In individuals affected by DiGeorge syndrome, a specific segment in one copy of chromosome 22 is absent or missing. This portion contains around 30 to 40 genes. Researchers have not yet identified all the genes and even aren’t aware of their full functionalities. The area of chromosome 22 that is missing in people with DiGeorge syndrome is called 22q11.2. A minor percentage of patients may experience a smaller deletion in the same section of chromosome 22.
The removal of genes in the specific region of chromosome 22 typically happens at random in the maternal egg or the paternal sperm. The deletion can also occur during very early stages of fetal development. Hence, the deletion tends to get repeated in ‘almost all’ or all of the cells in the body as the unborn baby grows.
Treatment of DiGeorge syndrome
DiGeorge syndrome has no known cure. Treatment is aimed at correcting the vital defects like cardiac problems and low levels of calcium. Medical care for mental health, developmental, or behavioral anomalies is more complex and the prognosis is usually less predictable.
Some of the treatment options for DiGeorge syndrome associated defects are listed below:
- Limited thymus function usually causes frequent but less serious infections like ear infections or colds. They are corrected as per standard treatment procedures.
- Severe dysfunction of the thymus gland or its absence can result in serious infections. Doctors may recommend transplantation of specialized bone marrow cells, or of thymus tissue, or of specific germ-fighting blood cells.
- A diet with decreased phosphorus and intake of vitamin D and calcium supplements can help manage hypoparathyroidism.

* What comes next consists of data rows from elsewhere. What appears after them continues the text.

text \<open>Knots are \<open>t 0 < \<dots> < t r\<close>; \<open>knot_index r t u\<close> is the \<open>a\<close> with \<open>t a \<le> u < t (Suc a)\<close>,
  and \<open>0\<close> to the left of \<open>t 1\<close>.\<close>

definition knot_index :: "nat \<Rightarrow> (nat \<Rightarrow> real) \<Rightarrow> real \<Rightarrow> nat" where
  "knot_index r t u = card {a \<in> {1..r}. t a \<le> u}"

lemma mono_knot_index: "mono (knot_index r t)"
  unfolding knot_index_def by (intro monoI card_mono) auto

lemma knot_index_le: "knot_index r t u \<le> r"
proof -
  have "card {a \<in> {1..r}. t a \<le> u} \<le> card {1..r}" by (rule card_mono) auto
  then show ?thesis unfolding knot_index_def by simp
qed

lemma knot_index_eqI:
  assumes t: "strict_mono_on {0..r} t" and "a \<le> r" "t a \<le> u" "a < r \<Longrightarrow> u < t (Suc a)"
  shows "knot_index r t u = a"
proof -
  have "{b \<in> {1..r}. t b \<le> u} = {1..a}"
  proof (intro set_eqI iffI)
    fix b assume b: "b \<in> {b \<in> {1..r}. t b \<le> u}"
    show "b \<in> {1..a}"
    proof (rule ccontr)
      assume "b \<notin> {1..a}"
      with b have "Suc a \<le> b" "b \<le> r" by auto
      then have "t (Suc a) \<le> t b" by (intro strict_mono_on_leD[OF t]) auto
      with b assms(4) \<open>Suc a \<le> b\<close> \<open>b \<le> r\<close> show False by auto
    qed
  next
    fix b assume "b \<in> {1..a}"
    moreover have "t b \<le> t a" if "b \<le> a" using that assms(2) by (intro strict_mono_on_leD[OF t]) auto
    ultimately show "b \<in> {b \<in> {1..r}. t b \<le> u}" using assms(2,3) by auto
  qed
  then show ?thesis unfolding knot_index_def by simp
qed

lemma knot_index_knot:
  assumes "strict_mono_on {0..r} t" "a \<le> r"
  shows "knot_index r t (t a) = a"
  using assms by (intro knot_index_eqI) (auto simp: strict_mono_on_def)
lemma sum_by_columns:
  assumes "A \<subseteq> {1..n} \<times> {1..n}"
  shows "(\<Sum>t\<in>A. f t) = (\<Sum>j\<in>{1..n}. \<Sum>k\<in>column_entries n A j. f (k,j))"
proof -
  have "(\<Sum>t\<in>A. f t) = (\<Sum>t\<in>A. \<Sum>j\<in>{1..n}. if snd t = j then f t else 0)"
    using assms by (intro sum.cong refl) (auto simp: sum.delta)
  also have "\<dots> = (\<Sum>j\<in>{1..n}. \<Sum>t\<in>A. if snd t = j then f t else 0)"
    by (rule sum.swap)
  also have "\<dots> = (\<Sum>j\<in>{1..n}. \<Sum>k\<in>column_entries n A j. f (k,j))"
    by (intro sum.cong refl sum_column_entries[OF assms])
  finally show ?thesis .
qed

lemma SigGamma_turn:
  assumes hA: "A \<subseteq> {1..n} \<times> {1..n}"
    and hN: "one_hot n (xN n x) v" and hW: "one_hot n (xW n x) u"
    and hE: "one_hot n (xE n x) u" and hS: "one_hot n (xS n x) w"
    and uvw: "u \<in> {1..n}" "v \<in> {1..n}" "w \<in> {1..n}" "v \<noteq> w"
  shows "SigGamma n A x =
    (beta n A u w + of_bool ((u,w) \<in> A) - alpha n A u w) * (alpha n A u v + of_bool ((u,v) \<in> A) - beta n A u v)"
proof -
  have "SigGamma n A x =
      (\<Sum>\<tau>1\<in>A. \<Sum>\<tau>2\<in>A. (if snd \<tau>1 = w then if fst \<tau>1 < u then -1 else 1 else 0) *
        (if snd \<tau>2 = v then if u < fst \<tau>2 then -1 else 1 else 0))"
    unfolding SigGamma_eq_sum_canonical_weight[OF hA]
    by (intro sum.cong refl) (simp add: canonical_weight_turn[OF hA _ _ hN hW hE hS uvw])
  also have "\<dots> = (\<Sum>\<tau>\<in>A. if snd \<tau> = w then if fst \<tau> < u then -1 else 1 else 0) *
      (\<Sum>\<tau>\<in>A. if snd \<tau> = v then if u < fst \<tau> then -1 else 1 else 0)"
    by (simp add: sum_product)
  also have "\<dots> = (\<Sum>k\<in>column_entries n A w. if k < u then -1 else 1) *
      (\<Sum>k\<in>column_entries n A v. if u < k then -1 else 1)"
    by (simp add: sum_column_entries[OF hA])
  finally show ?thesis
    by (simp add: sum_sign_pivot column_entries_counts[OF uvw(1)])
qed

lemma SigGamma_straight:
  assumes hA: "A \<subseteq> {1..n} \<times> {1..n}"
    and hN: "one_hot n (xN n x) v" and hW: "one_hot n (xW n x) u"
    and hE: "one_hot n (xE n x) u" and hS: "one_hot n (xS n x) v"
    and u: "u \<in> {1..n}" and v: "v \<in> {1..n}"
  shows "SigGamma n A x = qq n A u - rr n A u v - ss n A u v +
    (if (u,v) \<in> A then 1 else - alpha n A u v - beta n A u v)"
proof -
  define Q where "Q j = alpha n A u j * beta n A u j
      - int (nat (alpha n A u j) choose 2) - int (nat (beta n A u j) choose 2)" for j
  define Y where "Y j = of_bool ((u,j) \<in> A) * (alpha n A u j + beta n A u j)" for j
  have "SigGamma n A x = (\<Sum>\<tau>1\<in>A. \<Sum>\<tau>2\<in>A.
      if snd \<tau>2 = snd \<tau>1 then straight_weight u v (snd \<tau>1) (fst \<tau>1) (fst \<tau>2) else 0)"
    unfolding SigGamma_eq_sum_canonical_weight[OF hA]
    by (intro sum.cong refl) (auto simp: canonical_weight_straight[OF hA _ _ hN hW hE hS u v])
  also have "\<dots> = (\<Sum>\<tau>1\<in>A. \<Sum>c\<in>column_entries n A (snd \<tau>1). straight_weight u v (snd \<tau>1) (fst \<tau>1) c)"
    by (simp add: sum_column_entries[OF hA])
  also have "\<dots> = (\<Sum>j\<in>{1..n}. \<Sum>a\<in>column_entries n A j. \<Sum>c\<in>column_entries n A j. straight_weight u v j a c)"
    by (simp add: sum_by_columns[OF hA])
  also have "\<dots> = (\<Sum>j\<in>{1..n}. Q j + (if j = v then Y v + of_bool ((u,v) \<in> A) - alpha n A u v - beta n A u v else - Y j))"
    by (intro sum.cong refl)
      (simp add: sum_straight_weight_off_column sum_straight_weight_on_column column_entries_counts[OF u] Q_def Y_def)
  also have "\<dots> = qq n A u + (Y v + of_bool ((u,v) \<in> A) - alpha n A u v - beta n A u v) - (\<Sum>j\<in>{1..n} - {v}. Y j)"
    using v by (simp add: sum.distrib qq_def Q_def sum.remove sum_negf)
  also have "(\<Sum>j\<in>{1..n} - {v}. Y j) = rr n A u v + ss n A u v"
    by (simp add: rr_def ss_def Y_def sum.distrib[symmetric] add.commute Int_def conj_assoc)
  finally show ?thesis
    by (simp add: Y_def)
qed

lemma length_boundary_blocks:
  assumes "length x = 4 * n"
  shows "length (xN n x) = n" "length (xE n x) = n" "length (xS n x) = n" "length (xW n x) = n"
  using assms by (simp_all add: xN_def xE_def xS_def xW_def)
text \<open>Each application of the recursion trades two steps of the index for one power of \<open>\<gamma>\<close>.\<close>

lemma gamma_pow_zeta_in_J:
  assumes "even g" "g \<ge> 2"
  shows "j < 2 * m \<Longrightarrow> in_J g (gamma ^ m * zeta (int g - int j))"
proof (induction j arbitrary: m rule: less_induct)
  case (less j)
  consider "j = 0" | "j = 1" | "j = 2" | "j \<ge> 3" by linarith
  then show ?case
  proof cases
    case 1
    then show ?thesis using in_J_mult[OF in_J_generators(1)] by simp
  next
    case 2
    then have "gamma ^ m * zeta (int g - int j) = gamma ^ (m - 1) * (gamma * zeta (int g - 1))"
      using less.prems by (cases m) auto
    then show ?thesis using in_J_mult[OF gamma_zeta_pred_in_J[OF assms]] by simp
  next
    case 3
    then have "m = (m - 2) + 2" using less.prems by simp
    then have "gamma ^ m * zeta (int g - int j) = gamma ^ (m - 2) * (gamma\<^sup>2 * zeta (int g - 2))"
      using 3 by (metis mult.assoc of_nat_numeral power_add)
    then show ?thesis using in_J_mult[OF gamma_sq_zeta_pred2_in_J[OF assms]] by simp
  next
    case 4
    define K where "K = int g - int j + 2"
    obtain m' where m: "m = Suc m'" using less.prems by (cases m) auto
    have IH: "in_J g (gamma ^ m' * zeta (int g - int j'))" if "j' < j" "j' < 2 * m'" for j'
      using less.IH that by blast
    have idx: "int g - int (j - 3) = K + 1" "int g - int (j - 2) = K" "int g - int (j - 1) = K - 1"
      "K - 2 = int g - int j"
      using 4 unfolding K_def by auto
    show ?thesis
    proof (cases "K \<ge> 2")
      case False
      then show ?thesis unfolding K_def by (simp add: zeta_neg in_J_0)
    next
      case True
      have "in_J g (gamma ^ m' * zeta (int g - int (j - 3)))" "in_J g (gamma ^ m' * zeta (int g - int (j - 2)))"
        by (rule IH; use 4 less.prems m in simp)+
      moreover have "in_J g (gamma ^ m' * zeta (int g - int (j - 1)))" if "even K"
      proof (rule IH)
        show "j - 1 < 2 * m'"
          using that assms(1) less.prems 4 unfolding K_def m by presburger
      qed (use 4 in simp)
      ultimately show ?thesis
        using gamma_zeta_index_descent[OF True] unfolding idx m by blast
    qed
  qed
qed

section \<open>A criterion for units modulo \<open>J\<^sup>+\<^sub>g\<close>\<close>

definition zeta_gamma0 :: "nat \<Rightarrow> complex poly" where
  "zeta_gamma0 k = coeff (zeta_nat k) 0"

definition eval_at :: "complex \<Rightarrow> cpoly2 \<Rightarrow> complex" where
  "eval_at z u = poly (coeff u 0) z"

lemma eval_at_simps:
  "eval_at z (x + y) = eval_at z x + eval_at z y" "eval_at z (x * y) = eval_at z x * eval_at z y"
  "eval_at z (- x) = - eval_at z x" "eval_at z (x - y) = eval_at z x - eval_at z y"
  "eval_at z (of_int k) = of_int k" "eval_at z (x ^ n) = eval_at z x ^ n"
  "eval_at z 1 = 1" "eval_at z alpha = z"
  unfolding eval_at_def alpha_def
  by (simp_all add: coeff_mult_0 of_int_poly) (induction n, simp_all add: coeff_mult_0)

lemma zeta_gamma0_Suc:
  "zeta_gamma0 (Suc k) = [:0, 1:] * zeta_gamma0 k
     + (if even k \<and> k \<ge> 1 then of_nat (16 * k\<^sup>2) * zeta_gamma0 (k - 1) else 0)"
proof -
  have "coeff alpha 0 = [:0, 1:]" "coeff gamma 0 = 0" unfolding alpha_def gamma_def by simp_all
  then show ?thesis unfolding zeta_gamma0_def by (simp add: coeff_mult_0 of_nat_poly del: of_nat_mult)
qed

lemma zeta_gamma0_odd_Suc:
  "zeta_gamma0 (2 * m + 3) = ([:0, 1:]\<^sup>2 + of_nat (64 * (m + 1)\<^sup>2)) * zeta_gamma0 (2 * m + 1)"
proof -
  have "zeta_gamma0 (2 * m + 3) = [:0, 1:] * zeta_gamma0 (2 * m + 2)
      + of_nat (16 * (2 * m + 2)\<^sup>2) * zeta_gamma0 (2 * m + 1)"
    using zeta_gamma0_Suc[of "2 * m + 2"] by (simp add: numeral_3_eq_3 del: of_nat_mult)
  moreover have "zeta_gamma0 (2 * m + 2) = [:0, 1:] * zeta_gamma0 (2 * m + 1)"
    using zeta_gamma0_Suc[of "2 * m + 1"] by simp
  moreover have "(of_nat (16 * (2 * m + 2)\<^sup>2) :: complex poly) = of_nat (64 * (m + 1)\<^sup>2)"
    by (simp add: power2_eq_square algebra_simps)
  ultimately show ?thesis by (simp add: algebra_simps power2_eq_square)
qed

lemma zeta_gamma0_odd_roots:
  "poly (zeta_gamma0 (2 * m + 1)) z = 0 \<Longrightarrow> \<exists>s\<ge>0. z\<^sup>2 = - complex_of_real s"
proof (induction m)
  case 0
  then have "z = 0" using zeta_gamma0_Suc[of 0] by (simp add: zeta_gamma0_def)
  then show ?case by (intro exI[of _ 0]) simp
next
  case (Suc m)
  then have "z\<^sup>2 + of_nat (64 * (m + 1)\<^sup>2) = 0 \<or> poly (zeta_gamma0 (2 * m + 1)) z = 0"
    using zeta_gamma0_odd_Suc[of m] by (simp add: numeral_3_eq_3 of_nat_poly)
  then show ?case
  proof
    assume "z\<^sup>2 + of_nat (64 * (m + 1)\<^sup>2) = 0"
    then have "z\<^sup>2 = - complex_of_real (real (64 * (m + 1)\<^sup>2))" by (simp add: eq_neg_iff_add_eq_0)
    then show ?thesis by (intro exI[of _ "real (64 * (m + 1)\<^sup>2)"]) simp
  qed (rule Suc.IH)
qed

lemma zeta_gamma0_odd_nonzero: "zeta_gamma0 (2 * m + 1) \<noteq> 0"
proof
  assume "zeta_gamma0 (2 * m + 1) = 0"
  then obtain s where "s \<ge> 0" "(1::complex)\<^sup>2 = - complex_of_real s"
    using zeta_gamma0_odd_roots[of m 1] by auto
  then have "(1::real) = - s" by (metis of_real_1 of_real_minus of_real_eq_iff power_one)
  with \<open>s \<ge> 0\<close> show False by simp
qed

lemma bezout_if_no_common_root:
  fixes p q :: "complex poly"
  assumes "q \<noteq> 0" "\<And>z. poly q z = 0 \<Longrightarrow> poly p z \<noteq> 0"
  shows "\<exists>a b. a * p + b * q = 1"
proof -
  define d where "d = gcd p q"
  have "degree d = 0"
  proof (rule ccontr)
    assume "degree d \<noteq> 0"
    then obtain z where "poly d z = 0"
      by (metis fundamental_theorem_of_algebra constant_degree)
    moreover have "d dvd p" "d dvd q" unfolding d_def by simp_all
    ultimately have "poly p z = 0" "poly q z = 0" by (auto elim!: dvdE)
    then show False using assms(2) by blast
  qed
  moreover have "d \<noteq> 0" unfolding d_def using assms(1) by simp
  ultimately have "is_unit d" by (simp add: is_unit_iff_degree)
  then obtain e where e: "1 = d * e" by (auto elim: dvdE)
  have bezout: "fst (bezout_coefficients p q) * p + snd (bezout_coefficients p q) * q = d"
    unfolding d_def by (rule bezout_coefficients_fst_snd)
  show ?thesis
    by (intro exI[of _ "e * fst (bezout_coefficients p q)"] exI[of _ "e * snd (bezout_coefficients p q)"])
       (simp add: e algebra_simps flip: bezout)
qed

lemma zeta_pred_sq_in_J:
  assumes "even g" "g \<ge> 2" shows "in_J g (zeta (int g - 1) * zeta (int g - 1))"
proof -
  let ?Z = "zeta (int g - 1)" and ?c1 = "of_int (rec_coeff1 (int g)) :: cpoly2"
    and ?c2 = "of_int (rec_coeff2 (int g)) :: cpoly2"
  have "in_J g (?Z * (?c1 * ?Z + ?c2 * gamma * zeta (int g - 2))
      - (?c2 * zeta (int g - 2)) * (gamma * ?Z))"
    by (intro in_J_diff in_J_mult zeta_pred_relation_in_J gamma_zeta_pred_in_J assms)
  also have "\<dots> = of_int (rec_coeff1 (int g)) * (?Z * ?Z)"
    by (simp add: algebra_simps)
  finally show ?thesis
    by (rule in_J_cancel_of_int) (use assms in \<open>simp add: rec_coeff1_def\<close>)
qed

lemma zeta_pred_plus_gamma_nilpotent_mod_J:
  assumes "even g" "g \<ge> 2"
  shows "in_J g ((c * zeta (int g - 1) + gamma * r) ^ (g + 2))"
proof -
  define T where "T = g div 2"
  let ?Z = "zeta (int g - 1)" and ?t = "c * zeta (int g - 1) + gamma * r"
  have "in_J g ((c * c) * (?Z * ?Z) + (2 * c * r) * (gamma * ?Z))"
    by (rule in_J_add[OF in_J_mult[OF zeta_pred_sq_in_J] in_J_mult[OF gamma_zeta_pred_in_J]])
       (use assms in simp_all)
  also have "(c * c) * (?Z * ?Z) + (2 * c * r) * (gamma * ?Z) = ?t\<^sup>2 - (gamma * r)\<^sup>2"
    by (simp add: algebra_simps power2_eq_square)
  finally have "in_J g ((?t\<^sup>2) ^ (T + 1) - ((gamma * r)\<^sup>2) ^ (T + 1))"
    by (rule in_J_pow_diff)
  moreover have "in_J g (((gamma * r)\<^sup>2) ^ (T + 1))"
  proof -
    have "in_J g (gamma ^ (T + 1) * zeta (int g - int g))"
      by (rule gamma_pow_zeta_in_J) (use assms in \<open>auto simp: T_def\<close>)
    then have "in_J g ((gamma ^ (T + 1) * (r\<^sup>2) ^ (T + 1)) * gamma ^ (T + 1))"
      by (simp add: zeta_def in_J_mult)
    also have "\<dots> = ((gamma * r)\<^sup>2) ^ (T + 1)"
      by (simp add: power_mult_distrib power2_eq_square ac_simps)
    finally show ?thesis .
  qed
  ultimately have "in_J g ((?t\<^sup>2) ^ (T + 1))"
    using in_J_add by fastforce
  moreover have "g + 2 = 2 * (T + 1)" using assms unfolding T_def by auto
  ultimately show ?thesis by (simp only: power_mult)
qed

text \<open>
  A Bezout identity against \<open>\<zeta>\<^sup>+\<^sub>g\<^sub>-\<^sub>1(\<alpha>, 0)\<close> writes \<open>a u = 1 - t\<close> with
  \<open>t = b \<zeta>\<^sup>+\<^sub>g\<^sub>-\<^sub>1 + \<gamma> r\<close>, and \<open>t\<close> is nilpotent modulo \<open>J\<^sup>+\<^sub>g\<close>.
\<close>

lemma unit_mod_J_if_no_imaginary_root:
  assumes "even g" "g \<ge> 2"
    and no_root: "\<And>z s. s \<ge> 0 \<Longrightarrow> z\<^sup>2 = - complex_of_real s \<Longrightarrow> eval_at z u \<noteq> 0"
  shows "unit_mod_J g u"
proof -
  have g: "g - 1 = 2 * (g div 2 - 1) + 1" using assms by auto
  let ?Z = "zeta (int g - 1)"
  obtain P z1 where Z: "?Z = pCons P z1" by (cases ?Z)
  have "?Z = zeta_nat (g - 1)" using assms(2) unfolding zeta_def by (simp add: nat_diff_distrib)
  then have P: "P = zeta_gamma0 (g - 1)" using Z unfolding zeta_gamma0_def by (metis coeff_pCons_0)
  obtain p u1 where u: "u = pCons p u1" by (cases u)
  have no_common_root: "poly p z \<noteq> 0" if "poly P z = 0" for z
  proof -
    from that have "poly (zeta_gamma0 (2 * (g div 2 - 1) + 1)) z = 0" unfolding P g .
    then obtain s where "s \<ge> 0" "z\<^sup>2 = - complex_of_real s"
      using zeta_gamma0_odd_roots by blast
    then show ?thesis using no_root unfolding u eval_at_def by simp
  qed
  have "P \<noteq> 0" unfolding P g by (rule zeta_gamma0_odd_nonzero)
  from bezout_if_no_common_root[OF this no_common_root]
  obtain a b where ab: "a * p + b * P = 1" by blast
  have "u * [:a:] = pCons (a * p) (smult a u1)"
    unfolding u by (simp add: mult.commute)
  also have "\<dots> = 1 - ([:b:] * ?Z + gamma * (- smult a u1 - smult b z1))"
    unfolding Z gamma_def using ab by (simp add: one_pCons algebra_simps)
  finally have ua: "u * [:a:] = 1 - ([:b:] * ?Z + gamma * (- smult a u1 - smult b z1))" .
  have "unit_mod_J g (u * [:a:])"
    unfolding ua by (rule unit_mod_J_one_minus_nilpotent[OF zeta_pred_plus_gamma_nilpotent_mod_J[OF assms(1,2)]])
  then show ?thesis by (rule unit_mod_J_factor)
qed

definition gzeta_odd :: "nat \<Rightarrow> nat \<Rightarrow> cpoly2" where
  "gzeta_odd g i = gamma ^ i * zeta (int g - 2 * int i - 1)"

definition gzeta_even :: "nat \<Rightarrow> nat \<Rightarrow> cpoly2" where
  "gzeta_even g i = gamma ^ (i + 1) * zeta (int g - 2 * int i - 2)"

lemma gzeta_odd_vanish: "g \<le> 2 * i \<Longrightarrow> gzeta_odd g i = 0"
  unfolding gzeta_odd_def by (simp add: zeta_neg)

lemma gzeta_even_vanish: "g \<le> 2 * i \<Longrightarrow> gzeta_even g i = 0"
  unfolding gzeta_even_def by (simp add: zeta_neg)

lemma gzeta_even_rec:
  assumes "even g" "2 * i + 3 \<le> g"
  shows "gzeta_even g i = alpha * gzeta_odd g (i + 1)
    + of_int (rec_coeff2 (int g - 2 * int i - 3)) * gzeta_odd g (i + 2)"
proof -
  let ?K = "int g - 2 * int i - 3"
  have "zeta (?K + 1) = alpha * zeta ?K + of_int (rec_coeff2 ?K) * gamma * zeta (?K - 2)"
    using zeta_rec[of ?K] assms by simp
  then have "zeta (int g - 2 * int i - 2) = alpha * zeta (int g - 2 * int (i + 1) - 1)
      + of_int (rec_coeff2 ?K) * gamma * zeta (int g - 2 * int (i + 2) - 1)"
    by simp
  then show ?thesis unfolding gzeta_odd_def gzeta_even_def by (simp add: algebra_simps)
qed

lemma gamma_gzeta_odd_rec:
  assumes "even g" "2 * i + 2 \<le> g"
  shows "gamma * gzeta_odd g i = alpha * gzeta_even g i
    + of_int (rec_coeff1 (int g - 2 * int i - 2)) * gzeta_odd g (i + 1)
    + of_int (rec_coeff2 (int g - 2 * int i - 2)) * gzeta_even g (i + 1)"
proof -
  let ?K = "int g - 2 * int i - 2"
  have "zeta (?K + 1) = alpha * zeta ?K + of_int (rec_coeff1 ?K) * zeta (?K - 1)
      + of_int (rec_coeff2 ?K) * gamma * zeta (?K - 2)"
    using zeta_rec[of ?K] assms by simp
  then have "zeta (int g - 2 * int i - 1) = alpha * zeta (int g - 2 * int i - 2)
      + of_int (rec_coeff1 ?K) * zeta (int g - 2 * int (i + 1) - 1)
      + of_int (rec_coeff2 ?K) * gamma * zeta (int g - 2 * int (i + 1) - 2)"
    by simp
  then show ?thesis unfolding gzeta_odd_def gzeta_even_def by (simp add: algebra_simps)
qed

In case sufficient parathyroid tissue is present, then the glands are more likely to eventually control the phosphorus and calcium levels in the body without a specific diet.
- Most types of cardiac defects related to DiGeorge syndrome need surgical intervention to repair and correct the blood circulation and heart abnormalities.
- Surgery is also required to correct a cleft palate and other problems of the palate
- The overall development of the child with DiGeorge syndrome can be enhanced with different therapies like occupational therapy for imparting daily skills, speech therapy for articulation and verbal skills, developmental therapy for behavior modification, and interpersonal and social skills learning. ADHD, depression, and other mental health disorders can be treated with medications and psychotherapy.
Life Expectancy
The prognosis turns better for individuals who are able to survive DiGeorge Syndrome during their childhood and early teens. With constant support, love and medical intervention, the person can live up to a normal life span.